Write out the entries below once more, exactly.

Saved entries
=====

lemma lcp_block:
  assumes "layout m" "powers_table m"
  shows "prog_reaches (43, m) (\<lambda>c. fst c = 66 \<and> layout (snd c) \<and> powers_table (snd c) \<and> lcp_table (length u - 1) (snd c))
     (1 + Suc (length u - 1) * (12 * n + 21))"
proof (rule reaches_seq)
  show "prog_reaches (43, m) (lcp_inv 0) 1"
    using assms layout_regs[OF assms(1)]
    apply -
    apply (rule reaches_step, simp, simp, simp)+
    apply (rule reaches_now)
     apply simp
    by (simp add: lcp_inv_def lcp_table_def)
next
  fix c :: config assume "lcp_inv 0 c"
  then show "prog_reaches c (\<lambda>c. fst c = 66 \<and> layout (snd c) \<and> powers_table (snd c) \<and> lcp_table (length u - 1) (snd c))
     (Suc (length u - 1) * (12 * n + 21))"
  proof (rule reaches_loop[where I=lcp_inv, rotated 2])
    fix j and c :: config assume a: "j < length u - 1" "lcp_inv j c"
    show "prog_reaches c (\<lambda>c'. (fst c' = 66 \<and> layout (snd c') \<and> powers_table (snd c') \<and> lcp_table (length u - 1) (snd c')) \<or> lcp_inv (Suc j) c') (12 * n + 21)"
      using lcp_iter[OF a] by (rule reaches_mono) auto
  next
    fix c :: config assume I: "lcp_inv (length u - 1) c"
    obtain m where c: "c = (44, m)" using I unfolding lcp_inv_def by (cases c) auto
    have "prog_reaches c (\<lambda>c. fst c = 66 \<and> layout (snd c) \<and> powers_table (snd c) \<and> lcp_table (length u - 1) (snd c)) 3"
      using lcp_exit[of "length u - 1" m] I c by simp
    then show "prog_reaches c (\<lambda>c. fst c = 66 \<and> layout (snd c) \<and> powers_table (snd c) \<and> lcp_table (length u - 1) (snd c)) (12 * n + 21)"
      by (rule reaches_mono) auto
  qed
qed

definition U_table :: "nat \<Rightarrow> (nat \<Rightarrow> int) \<Rightarrow> bool" where
  "U_table M m \<longleftrightarrow> (\<forall>l. 1 \<le> l \<longrightarrow> l < M \<longrightarrow> m (U_base n + l) = int (U k u l))"

definition lcp_full :: "(nat \<Rightarrow> int) \<Rightarrow> bool" where
  "lcp_full m \<longleftrightarrow> lcp_table (length u - 1) m"

definition sum_inv :: "nat \<Rightarrow> nat \<Rightarrow> config \<Rightarrow> bool" where
  "sum_inv len l c \<longleftrightarrow> fst c = 76 \<and> layout (snd c) \<and> powers_table (snd c) \<and> lcp_full (snd c) \<and>
     U_table len (snd c) \<and> snd c 12 = int len \<and> snd c 14 = int (min (length u) len) \<and> snd c 13 = int l \<and> 1 \<le> l \<and>
     snd c 15 = (\<Sum>x\<in>{1..<l}. int (U k u x) * int (middle_count k u x len)) \<and> 1 \<le> len \<and> len \<le> n"

lemma sum_invD:
  assumes "sum_inv len l (76, m)"
  shows "layout m" "powers_table m" "lcp_full m" "U_table len m" "m 12 = int len"
    "m 14 = int (min (length u) len)" "m 13 = int l" "1 \<le> l"
    "m 15 = (\<Sum>x\<in>{1..<l}. int (U k u x) * int (middle_count k u x len))" "1 \<le> len" "len \<le> n"
  using assms unfolding sum_inv_def by auto

lemma powers_tableD: "powers_table m \<Longrightarrow> e \<le> n \<Longrightarrow> m (pow_base n + e) = int k ^ e"
  unfolding powers_table_def by simp

lemma layout_frame: "layout m \<Longrightarrow> (\<forall>a. 2 < a \<and> a < 12 \<or> 16 < a \<longrightarrow> m' a = m a) \<Longrightarrow> layout m'"
proof -
  assume lay: "layout m" and fr: "\<forall>a. 2 < a \<and> a < 12 \<or> 16 < a \<longrightarrow> m' a = m a"
  have "\<And>i. 16 < u_base n + i" unfolding u_base_def using n_ge_1 by linarith
  have "mem_bounded (80 * n) m'" unfolding mem_bounded_def
  proof (intro allI impI)
    fix a assume a: "80 * n \<le> a"
    then have "16 < a" using n_ge_1 by linarith
    then have "m' a = m a" using fr by simp
    then show "m' a = 0" using lay a unfolding layout_def mem_bounded_def by simp
  qed
  then show "layout m'" using lay fr \<open>\<And>i. 16 < u_base n + i\<close> unfolding layout_def by auto
qed

lemma powers_table_frame:
  assumes "powers_table m" "\<forall>a. 16 < a \<longrightarrow> m' a = m a" shows "powers_table m'"
  unfolding powers_table_def
proof (intro allI impI)
  fix e assume e: "e \<le> n"
  have "16 < pow_base n + e" using n_ge_1 unfolding pow_base_def by linarith
  then have "m' (pow_base n + e) = m (pow_base n + e)" using assms(2) by simp
  then show "m' (pow_base n + e) = int k ^ e" using assms(1) e unfolding powers_table_def by simp
qed

lemma lcp_fullD:
  "lcp_full m \<Longrightarrow> 0 < d \<Longrightarrow> d < q \<Longrightarrow> q \<le> length u \<Longrightarrow>
    int q \<le> m (lcp_base n + d) \<longleftrightarrow> (\<forall>i < q - d. u ! i = u ! (d + i))"
  unfolding lcp_full_def lcp_table_def by simp

lemma lcp_full_frame:
  assumes "lcp_full m" "\<forall>a. 16 < a \<longrightarrow> m' a = m a" shows "lcp_full m'"
  unfolding lcp_full_def lcp_table_def
proof (intro allI impI)
  fix d q assume dq: "1 \<le> d" "d \<le> length u - 1" "d < q" "q \<le> length u"
  have "16 < lcp_base n + d" using n_ge_1 unfolding lcp_base_def by linarith
  then have "m' (lcp_base n + d) = m (lcp_base n + d)" using assms(2) by simp
  then show "(int q \<le> m' (lcp_base n + d)) = (\<forall>i<q - d. u ! i = u ! (d + i))"
    using assms(1) dq unfolding lcp_full_def lcp_table_def by simp
qed

lemma U_table_frame:
  assumes "U_table M m" "\<forall>a. 16 < a \<longrightarrow> m' a = m a" shows "U_table M m'"
  unfolding U_table_def
proof (intro allI impI)
  fix l assume l: "1 \<le> l" "l < M"
  have "16 < U_base n + l" using n_ge_1 unfolding U_base_def by linarith
  then have "m' (U_base n + l) = m (U_base n + l)" using assms(2) by simp
  then show "m' (U_base n + l) = int (U k u l)" using assms(1) l unfolding U_table_def by simp
qed

lemma sum_inv_next:
  assumes I: "sum_inv len l (76, m)"
    and fr: "\<forall>a. a \<noteq> 0 \<and> a \<noteq> 1 \<and> a \<noteq> 2 \<and> a \<noteq> 13 \<and> a \<noteq> 15 \<longrightarrow> m' a = m a"
    and m13: "m' 13 = int l + 1"
    and m15: "m' 15 = m 15 + int (U k u l) * int (middle_count k u l len)"
  shows "sum_inv len (Suc l) (76, m')"
proof -
  note lay = sum_invD(1)[OF I] and st = sum_invD(2-11)[OF I]
  have fr2: "\<forall>a. 16 < a \<longrightarrow> m' a = m a" using fr by auto
  have "layout m'" using layout_frame[OF lay] fr by auto
  moreover have "powers_table m'" using powers_table_frame[OF st(1) fr2] .
  moreover have "lcp_full m'" using lcp_full_frame[OF st(2) fr2] .
  moreover have "U_table len m'" using U_table_frame[OF st(3) fr2] .
  moreover have "m' 15 = (\<Sum>x\<in>{1..<Suc l}. int (U k u x) * int (middle_count k u x len))"
    using m15 st(8) st(7) by (simp add: sum.atLeastLessThan_Suc)
  ultimately show ?thesis using st fr m13 unfolding sum_inv_def by auto
qed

=====

EXPECTED ANSWER
lemma lcp_block:
  assumes "layout m" "powers_table m"
  shows "prog_reaches (43, m) (\<lambda>c. fst c = 66 \<and> layout (snd c) \<and> powers_table (snd c) \<and> lcp_table (length u - 1) (snd c))
     (1 + Suc (length u - 1) * (12 * n + 21))"
proof (rule reaches_seq)
  show "prog_reaches (43, m) (lcp_inv 0) 1"
    using assms layout_regs[OF assms(1)]
    apply -
    apply (rule reaches_step, simp, simp, simp)+
    apply (rule reaches_now)
     apply simp
    by (simp add: lcp_inv_def lcp_table_def)
next
  fix c :: config assume "lcp_inv 0 c"
  then show "prog_reaches c (\<lambda>c. fst c = 66 \<and> layout (snd c) \<and> powers_table (snd c) \<and> lcp_table (length u - 1) (snd c))
     (Suc (length u - 1) * (12 * n + 21))"
  proof (rule reaches_loop[where I=lcp_inv, rotated 2])
    fix j and c :: config assume a: "j < length u - 1" "lcp_inv j c"
    show "prog_reaches c (\<lambda>c'. (fst c' = 66 \<and> layout (snd c') \<and> powers_table (snd c') \<and> lcp_table (length u - 1) (snd c')) \<or> lcp_inv (Suc j) c') (12 * n + 21)"
      using lcp_iter[OF a] by (rule reaches_mono) auto
  next
    fix c :: config assume I: "lcp_inv (length u - 1) c"
    obtain m where c: "c = (44, m)" using I unfolding lcp_inv_def by (cases c) auto
    have "prog_reaches c (\<lambda>c. fst c = 66 \<and> layout (snd c) \<and> powers_table (snd c) \<and> lcp_table (length u - 1) (snd c)) 3"
      using lcp_exit[of "length u - 1" m] I c by simp
    then show "prog_reaches c (\<lambda>c. fst c = 66 \<and> layout (snd c) \<and> powers_table (snd c) \<and> lcp_table (length u - 1) (snd c)) (12 * n + 21)"
      by (rule reaches_mono) auto
  qed
qed

definition U_table :: "nat \<Rightarrow> (nat \<Rightarrow> int) \<Rightarrow> bool" where
  "U_table M m \<longleftrightarrow> (\<forall>l. 1 \<le> l \<longrightarrow> l < M \<longrightarrow> m (U_base n + l) = int (U k u l))"

definition lcp_full :: "(nat \<Rightarrow> int) \<Rightarrow> bool" where
  "lcp_full m \<longleftrightarrow> lcp_table (length u - 1) m"

definition sum_inv :: "nat \<Rightarrow> nat \<Rightarrow> config \<Rightarrow> bool" where
  "sum_inv len l c \<longleftrightarrow> fst c = 76 \<and> layout (snd c) \<and> powers_table (snd c) \<and> lcp_full (snd c) \<and>
     U_table len (snd c) \<and> snd c 12 = int len \<and> snd c 14 = int (min (length u) len) \<and> snd c 13 = int l \<and> 1 \<le> l \<and>
     snd c 15 = (\<Sum>x\<in>{1..<l}. int (U k u x) * int (middle_count k u x len)) \<and> 1 \<le> len \<and> len \<le> n"

lemma sum_invD:
  assumes "sum_inv len l (76, m)"
  shows "layout m" "powers_table m" "lcp_full m" "U_table len m" "m 12 = int len"
    "m 14 = int (min (length u) len)" "m 13 = int l" "1 \<le> l"
    "m 15 = (\<Sum>x\<in>{1..<l}. int (U k u x) * int (middle_count k u x len))" "1 \<le> len" "len \<le> n"
  using assms unfolding sum_inv_def by auto

lemma powers_tableD: "powers_table m \<Longrightarrow> e \<le> n \<Longrightarrow> m (pow_base n + e) = int k ^ e"
  unfolding powers_table_def by simp

lemma layout_frame: "layout m \<Longrightarrow> (\<forall>a. 2 < a \<and> a < 12 \<or> 16 < a \<longrightarrow> m' a = m a) \<Longrightarrow> layout m'"
proof -
  assume lay: "layout m" and fr: "\<forall>a. 2 < a \<and> a < 12 \<or> 16 < a \<longrightarrow> m' a = m a"
  have "\<And>i. 16 < u_base n + i" unfolding u_base_def using n_ge_1 by linarith
  have "mem_bounded (80 * n) m'" unfolding mem_bounded_def
  proof (intro allI impI)
    fix a assume a: "80 * n \<le> a"
    then have "16 < a" using n_ge_1 by linarith
    then have "m' a = m a" using fr by simp
    then show "m' a = 0" using lay a unfolding layout_def mem_bounded_def by simp
  qed
  then show "layout m'" using lay fr \<open>\<And>i. 16 < u_base n + i\<close> unfolding layout_def by auto
qed

lemma powers_table_frame:
  assumes "powers_table m" "\<forall>a. 16 < a \<longrightarrow> m' a = m a" shows "powers_table m'"
  unfolding powers_table_def
proof (intro allI impI)
  fix e assume e: "e \<le> n"
  have "16 < pow_base n + e" using n_ge_1 unfolding pow_base_def by linarith
  then have "m' (pow_base n + e) = m (pow_base n + e)" using assms(2) by simp
  then show "m' (pow_base n + e) = int k ^ e" using assms(1) e unfolding powers_table_def by simp
qed

lemma lcp_fullD:
  "lcp_full m \<Longrightarrow> 0 < d \<Longrightarrow> d < q \<Longrightarrow> q \<le> length u \<Longrightarrow>
    int q \<le> m (lcp_base n + d) \<longleftrightarrow> (\<forall>i < q - d. u ! i = u ! (d + i))"
  unfolding lcp_full_def lcp_table_def by simp

lemma lcp_full_frame:
  assumes "lcp_full m" "\<forall>a. 16 < a \<longrightarrow> m' a = m a" shows "lcp_full m'"
  unfolding lcp_full_def lcp_table_def
proof (intro allI impI)
  fix d q assume dq: "1 \<le> d" "d \<le> length u - 1" "d < q" "q \<le> length u"
  have "16 < lcp_base n + d" using n_ge_1 unfolding lcp_base_def by linarith
  then have "m' (lcp_base n + d) = m (lcp_base n + d)" using assms(2) by simp
  then show "(int q \<le> m' (lcp_base n + d)) = (\<forall>i<q - d. u ! i = u ! (d + i))"
    using assms(1) dq unfolding lcp_full_def lcp_table_def by simp
qed

lemma U_table_frame:
  assumes "U_table M m" "\<forall>a. 16 < a \<longrightarrow> m' a = m a" shows "U_table M m'"
  unfolding U_table_def
proof (intro allI impI)
  fix l assume l: "1 \<le> l" "l < M"
  have "16 < U_base n + l" using n_ge_1 unfolding U_base_def by linarith
  then have "m' (U_base n + l) = m (U_base n + l)" using assms(2) by simp
  then show "m' (U_base n + l) = int (U k u l)" using assms(1) l unfolding U_table_def by simp
qed

lemma sum_inv_next:
  assumes I: "sum_inv len l (76, m)"
    and fr: "\<forall>a. a \<noteq> 0 \<and> a \<noteq> 1 \<and> a \<noteq> 2 \<and> a \<noteq> 13 \<and> a \<noteq> 15 \<longrightarrow> m' a = m a"
    and m13: "m' 13 = int l + 1"
    and m15: "m' 15 = m 15 + int (U k u l) * int (middle_count k u l len)"
  shows "sum_inv len (Suc l) (76, m')"
proof -
  note lay = sum_invD(1)[OF I] and st = sum_invD(2-11)[OF I]
  have fr2: "\<forall>a. 16 < a \<longrightarrow> m' a = m a" using fr by auto
  have "layout m'" using layout_frame[OF lay] fr by auto
  moreover have "powers_table m'" using powers_table_frame[OF st(1) fr2] .
  moreover have "lcp_full m'" using lcp_full_frame[OF st(2) fr2] .
  moreover have "U_table len m'" using U_table_frame[OF st(3) fr2] .
  moreover have "m' 15 = (\<Sum>x\<in>{1..<Suc l}. int (U k u x) * int (middle_count k u x len))"
    using m15 st(8) st(7) by (simp add: sum.atLeastLessThan_Suc)
  ultimately show ?thesis using st fr m13 unfolding sum_inv_def by auto
qed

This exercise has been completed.